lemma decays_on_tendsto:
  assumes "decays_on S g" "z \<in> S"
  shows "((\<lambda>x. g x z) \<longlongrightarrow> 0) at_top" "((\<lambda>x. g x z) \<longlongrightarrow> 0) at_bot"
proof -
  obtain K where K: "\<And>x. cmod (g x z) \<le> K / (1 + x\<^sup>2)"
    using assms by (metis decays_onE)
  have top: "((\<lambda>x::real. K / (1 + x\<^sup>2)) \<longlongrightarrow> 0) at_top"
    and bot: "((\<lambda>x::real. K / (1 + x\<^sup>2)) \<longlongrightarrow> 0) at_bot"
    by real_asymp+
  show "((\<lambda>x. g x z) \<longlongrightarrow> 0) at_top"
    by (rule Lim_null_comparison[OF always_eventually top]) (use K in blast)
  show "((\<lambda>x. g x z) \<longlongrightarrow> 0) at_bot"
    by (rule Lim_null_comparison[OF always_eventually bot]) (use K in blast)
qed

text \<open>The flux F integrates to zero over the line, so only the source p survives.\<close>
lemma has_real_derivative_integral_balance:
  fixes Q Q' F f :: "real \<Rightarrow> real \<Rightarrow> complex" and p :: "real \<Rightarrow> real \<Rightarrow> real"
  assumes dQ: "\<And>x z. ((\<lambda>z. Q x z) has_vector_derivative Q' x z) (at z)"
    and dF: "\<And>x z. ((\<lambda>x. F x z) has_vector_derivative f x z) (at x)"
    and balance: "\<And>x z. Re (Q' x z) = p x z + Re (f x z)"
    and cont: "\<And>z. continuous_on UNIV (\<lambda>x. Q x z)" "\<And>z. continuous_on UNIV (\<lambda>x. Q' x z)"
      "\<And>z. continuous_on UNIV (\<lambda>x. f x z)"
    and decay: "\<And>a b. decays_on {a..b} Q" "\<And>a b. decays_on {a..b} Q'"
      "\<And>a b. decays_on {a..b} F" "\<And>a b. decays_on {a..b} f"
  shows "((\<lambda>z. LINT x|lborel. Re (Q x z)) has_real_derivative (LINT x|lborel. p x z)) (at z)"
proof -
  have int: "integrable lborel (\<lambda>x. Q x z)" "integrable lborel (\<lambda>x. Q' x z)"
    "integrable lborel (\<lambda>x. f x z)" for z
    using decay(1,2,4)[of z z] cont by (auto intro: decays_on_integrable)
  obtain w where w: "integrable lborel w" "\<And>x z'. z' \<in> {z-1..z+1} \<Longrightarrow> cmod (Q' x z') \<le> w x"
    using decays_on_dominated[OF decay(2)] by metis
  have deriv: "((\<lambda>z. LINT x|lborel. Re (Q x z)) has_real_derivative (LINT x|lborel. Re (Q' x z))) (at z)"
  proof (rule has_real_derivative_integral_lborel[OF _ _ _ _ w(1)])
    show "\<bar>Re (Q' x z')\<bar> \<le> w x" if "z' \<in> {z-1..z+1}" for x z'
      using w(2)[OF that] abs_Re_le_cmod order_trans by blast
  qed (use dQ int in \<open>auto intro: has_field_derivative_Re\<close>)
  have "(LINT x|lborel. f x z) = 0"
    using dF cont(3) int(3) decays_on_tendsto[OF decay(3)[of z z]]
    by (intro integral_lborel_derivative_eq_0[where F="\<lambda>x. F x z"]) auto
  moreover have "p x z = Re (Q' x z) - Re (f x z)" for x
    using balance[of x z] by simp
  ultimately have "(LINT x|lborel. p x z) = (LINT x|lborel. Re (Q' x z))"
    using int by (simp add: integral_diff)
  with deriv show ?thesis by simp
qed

---

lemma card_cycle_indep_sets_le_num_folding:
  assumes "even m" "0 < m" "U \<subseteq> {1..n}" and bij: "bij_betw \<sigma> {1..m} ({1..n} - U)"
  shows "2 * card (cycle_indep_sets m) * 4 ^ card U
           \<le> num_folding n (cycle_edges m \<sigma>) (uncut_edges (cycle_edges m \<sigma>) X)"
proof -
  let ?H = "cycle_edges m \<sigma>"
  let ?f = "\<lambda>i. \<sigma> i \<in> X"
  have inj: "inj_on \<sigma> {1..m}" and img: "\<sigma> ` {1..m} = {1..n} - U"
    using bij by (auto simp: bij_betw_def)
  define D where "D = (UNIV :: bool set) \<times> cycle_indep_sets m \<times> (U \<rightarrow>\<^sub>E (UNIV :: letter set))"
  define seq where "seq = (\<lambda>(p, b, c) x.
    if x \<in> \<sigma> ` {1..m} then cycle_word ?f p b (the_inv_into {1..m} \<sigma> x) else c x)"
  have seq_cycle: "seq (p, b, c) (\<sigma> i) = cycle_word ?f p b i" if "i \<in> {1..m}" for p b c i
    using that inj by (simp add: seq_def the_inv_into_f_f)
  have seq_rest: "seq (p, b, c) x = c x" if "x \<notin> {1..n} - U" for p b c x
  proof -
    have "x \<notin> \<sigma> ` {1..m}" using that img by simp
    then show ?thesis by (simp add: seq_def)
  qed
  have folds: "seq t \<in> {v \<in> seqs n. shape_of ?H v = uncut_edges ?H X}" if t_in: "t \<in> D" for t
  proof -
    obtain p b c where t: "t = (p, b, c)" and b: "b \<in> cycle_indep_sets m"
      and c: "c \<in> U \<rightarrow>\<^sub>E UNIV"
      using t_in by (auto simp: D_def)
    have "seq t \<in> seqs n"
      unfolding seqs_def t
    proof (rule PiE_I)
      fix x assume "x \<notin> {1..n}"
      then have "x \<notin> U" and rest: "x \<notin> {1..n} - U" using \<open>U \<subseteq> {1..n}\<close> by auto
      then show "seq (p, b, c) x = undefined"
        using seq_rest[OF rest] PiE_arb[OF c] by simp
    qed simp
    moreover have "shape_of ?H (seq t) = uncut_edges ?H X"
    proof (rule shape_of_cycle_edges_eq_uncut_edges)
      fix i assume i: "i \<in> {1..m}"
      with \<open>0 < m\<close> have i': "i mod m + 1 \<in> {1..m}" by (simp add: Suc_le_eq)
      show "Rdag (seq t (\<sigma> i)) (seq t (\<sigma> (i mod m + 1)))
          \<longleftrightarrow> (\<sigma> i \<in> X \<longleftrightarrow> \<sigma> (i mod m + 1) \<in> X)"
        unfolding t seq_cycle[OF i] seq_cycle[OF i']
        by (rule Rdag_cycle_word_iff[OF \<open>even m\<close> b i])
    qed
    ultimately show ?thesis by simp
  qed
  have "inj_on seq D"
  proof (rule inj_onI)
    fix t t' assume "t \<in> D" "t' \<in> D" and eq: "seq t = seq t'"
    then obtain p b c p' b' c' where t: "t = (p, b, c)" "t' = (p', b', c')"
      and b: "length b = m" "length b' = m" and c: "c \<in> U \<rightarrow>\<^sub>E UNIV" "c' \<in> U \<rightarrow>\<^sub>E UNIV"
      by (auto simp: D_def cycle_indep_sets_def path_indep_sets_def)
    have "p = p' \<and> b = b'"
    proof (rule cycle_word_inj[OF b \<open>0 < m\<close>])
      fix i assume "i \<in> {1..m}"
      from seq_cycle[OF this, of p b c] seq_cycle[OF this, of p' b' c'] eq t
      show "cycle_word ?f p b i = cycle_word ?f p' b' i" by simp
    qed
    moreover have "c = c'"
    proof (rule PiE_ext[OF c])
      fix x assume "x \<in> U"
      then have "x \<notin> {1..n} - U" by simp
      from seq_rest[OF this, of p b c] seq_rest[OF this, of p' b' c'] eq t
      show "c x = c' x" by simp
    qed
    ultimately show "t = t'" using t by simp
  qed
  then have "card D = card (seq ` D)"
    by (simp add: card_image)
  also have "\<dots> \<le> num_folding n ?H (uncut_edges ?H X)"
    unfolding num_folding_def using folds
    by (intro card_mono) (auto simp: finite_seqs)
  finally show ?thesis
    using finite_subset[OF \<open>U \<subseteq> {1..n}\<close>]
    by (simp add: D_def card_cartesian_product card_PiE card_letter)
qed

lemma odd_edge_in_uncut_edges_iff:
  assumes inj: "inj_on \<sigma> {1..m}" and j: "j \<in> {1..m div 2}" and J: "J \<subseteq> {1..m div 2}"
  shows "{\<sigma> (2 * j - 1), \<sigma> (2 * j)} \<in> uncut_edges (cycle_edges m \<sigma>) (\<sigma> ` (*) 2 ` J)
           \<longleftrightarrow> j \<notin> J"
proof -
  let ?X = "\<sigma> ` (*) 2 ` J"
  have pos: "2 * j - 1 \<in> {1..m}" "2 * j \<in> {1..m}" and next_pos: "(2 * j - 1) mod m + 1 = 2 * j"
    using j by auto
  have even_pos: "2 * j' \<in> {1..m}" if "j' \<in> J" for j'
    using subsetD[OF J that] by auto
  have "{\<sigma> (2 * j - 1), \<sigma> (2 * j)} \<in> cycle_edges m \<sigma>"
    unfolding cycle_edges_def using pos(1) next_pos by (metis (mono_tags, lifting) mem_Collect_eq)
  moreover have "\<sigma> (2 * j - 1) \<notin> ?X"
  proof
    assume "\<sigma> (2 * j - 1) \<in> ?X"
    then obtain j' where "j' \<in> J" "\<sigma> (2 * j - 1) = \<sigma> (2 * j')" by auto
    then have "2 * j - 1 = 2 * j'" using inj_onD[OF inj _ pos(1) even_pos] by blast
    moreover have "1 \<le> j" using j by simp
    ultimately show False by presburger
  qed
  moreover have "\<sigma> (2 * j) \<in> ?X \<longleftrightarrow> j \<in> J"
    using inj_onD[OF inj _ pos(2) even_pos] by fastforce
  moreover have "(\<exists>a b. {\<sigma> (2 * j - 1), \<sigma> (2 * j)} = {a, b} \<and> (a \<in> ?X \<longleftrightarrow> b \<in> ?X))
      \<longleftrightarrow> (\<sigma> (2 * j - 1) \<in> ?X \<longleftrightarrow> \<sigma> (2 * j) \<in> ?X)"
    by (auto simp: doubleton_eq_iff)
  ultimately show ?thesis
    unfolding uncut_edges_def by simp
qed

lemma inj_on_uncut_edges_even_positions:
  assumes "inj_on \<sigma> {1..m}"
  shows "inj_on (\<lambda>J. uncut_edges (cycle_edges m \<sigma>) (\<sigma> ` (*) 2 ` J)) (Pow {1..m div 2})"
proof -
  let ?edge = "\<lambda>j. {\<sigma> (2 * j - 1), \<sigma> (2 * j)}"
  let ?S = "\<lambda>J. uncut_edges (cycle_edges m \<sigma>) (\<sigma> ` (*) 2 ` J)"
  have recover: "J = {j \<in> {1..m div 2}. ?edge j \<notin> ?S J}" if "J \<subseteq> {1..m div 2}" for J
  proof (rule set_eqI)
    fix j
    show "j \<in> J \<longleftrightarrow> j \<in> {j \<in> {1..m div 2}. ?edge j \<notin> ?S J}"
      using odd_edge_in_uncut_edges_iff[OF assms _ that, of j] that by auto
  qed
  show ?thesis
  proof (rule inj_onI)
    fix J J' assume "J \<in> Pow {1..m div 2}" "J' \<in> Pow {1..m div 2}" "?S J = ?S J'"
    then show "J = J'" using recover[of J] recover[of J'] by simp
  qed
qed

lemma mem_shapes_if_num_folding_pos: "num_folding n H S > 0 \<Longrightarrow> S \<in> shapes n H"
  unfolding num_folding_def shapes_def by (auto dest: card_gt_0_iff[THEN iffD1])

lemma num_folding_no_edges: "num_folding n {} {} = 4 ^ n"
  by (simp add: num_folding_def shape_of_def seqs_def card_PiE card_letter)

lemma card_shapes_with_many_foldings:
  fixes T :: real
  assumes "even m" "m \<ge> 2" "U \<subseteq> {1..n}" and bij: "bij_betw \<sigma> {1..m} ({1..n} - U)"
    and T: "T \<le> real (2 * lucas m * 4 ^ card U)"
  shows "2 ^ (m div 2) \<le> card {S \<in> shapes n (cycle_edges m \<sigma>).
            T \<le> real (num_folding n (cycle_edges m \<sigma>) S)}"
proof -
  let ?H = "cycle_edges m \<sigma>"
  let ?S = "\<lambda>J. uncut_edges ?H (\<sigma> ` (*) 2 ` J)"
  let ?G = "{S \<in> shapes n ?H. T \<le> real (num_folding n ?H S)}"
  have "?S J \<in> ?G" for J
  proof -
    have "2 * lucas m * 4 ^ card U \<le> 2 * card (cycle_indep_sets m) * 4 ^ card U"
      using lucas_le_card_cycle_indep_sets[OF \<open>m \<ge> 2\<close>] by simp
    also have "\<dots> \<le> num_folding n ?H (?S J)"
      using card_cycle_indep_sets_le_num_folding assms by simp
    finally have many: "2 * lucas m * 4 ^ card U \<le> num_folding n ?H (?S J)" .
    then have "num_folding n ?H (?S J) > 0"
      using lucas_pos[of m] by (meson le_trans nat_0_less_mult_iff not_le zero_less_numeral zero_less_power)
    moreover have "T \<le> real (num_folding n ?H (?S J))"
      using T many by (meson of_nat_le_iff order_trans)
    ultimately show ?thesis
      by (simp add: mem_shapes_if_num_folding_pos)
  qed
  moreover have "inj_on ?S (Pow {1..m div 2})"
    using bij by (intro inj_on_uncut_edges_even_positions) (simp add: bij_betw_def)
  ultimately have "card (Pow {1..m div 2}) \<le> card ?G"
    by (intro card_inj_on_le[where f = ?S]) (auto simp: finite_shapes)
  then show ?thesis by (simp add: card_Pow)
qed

→ Instructions to follow
Where a line in the material contains "notin", copy that line.

→ Answer to this task
  have seq_rest: "seq (p, b, c) x = c x" if "x \<notin> {1..n} - U" for p b c x
    have "x \<notin> \<sigma> ` {1..m}" using that img by simp
      fix x assume "x \<notin> {1..n}"
      then have "x \<notin> U" and rest: "x \<notin> {1..n} - U" using \<open>U \<subseteq> {1..n}\<close> by auto
      then have "x \<notin> {1..n} - U" by simp
           \<longleftrightarrow> j \<notin> J"
  moreover have "\<sigma> (2 * j - 1) \<notin> ?X"
  have recover: "J = {j \<in> {1..m div 2}. ?edge j \<notin> ?S J}" if "J \<subseteq> {1..m div 2}" for J
    show "j \<in> J \<longleftrightarrow> j \<in> {j \<in> {1..m div 2}. ?edge j \<notin> ?S J}"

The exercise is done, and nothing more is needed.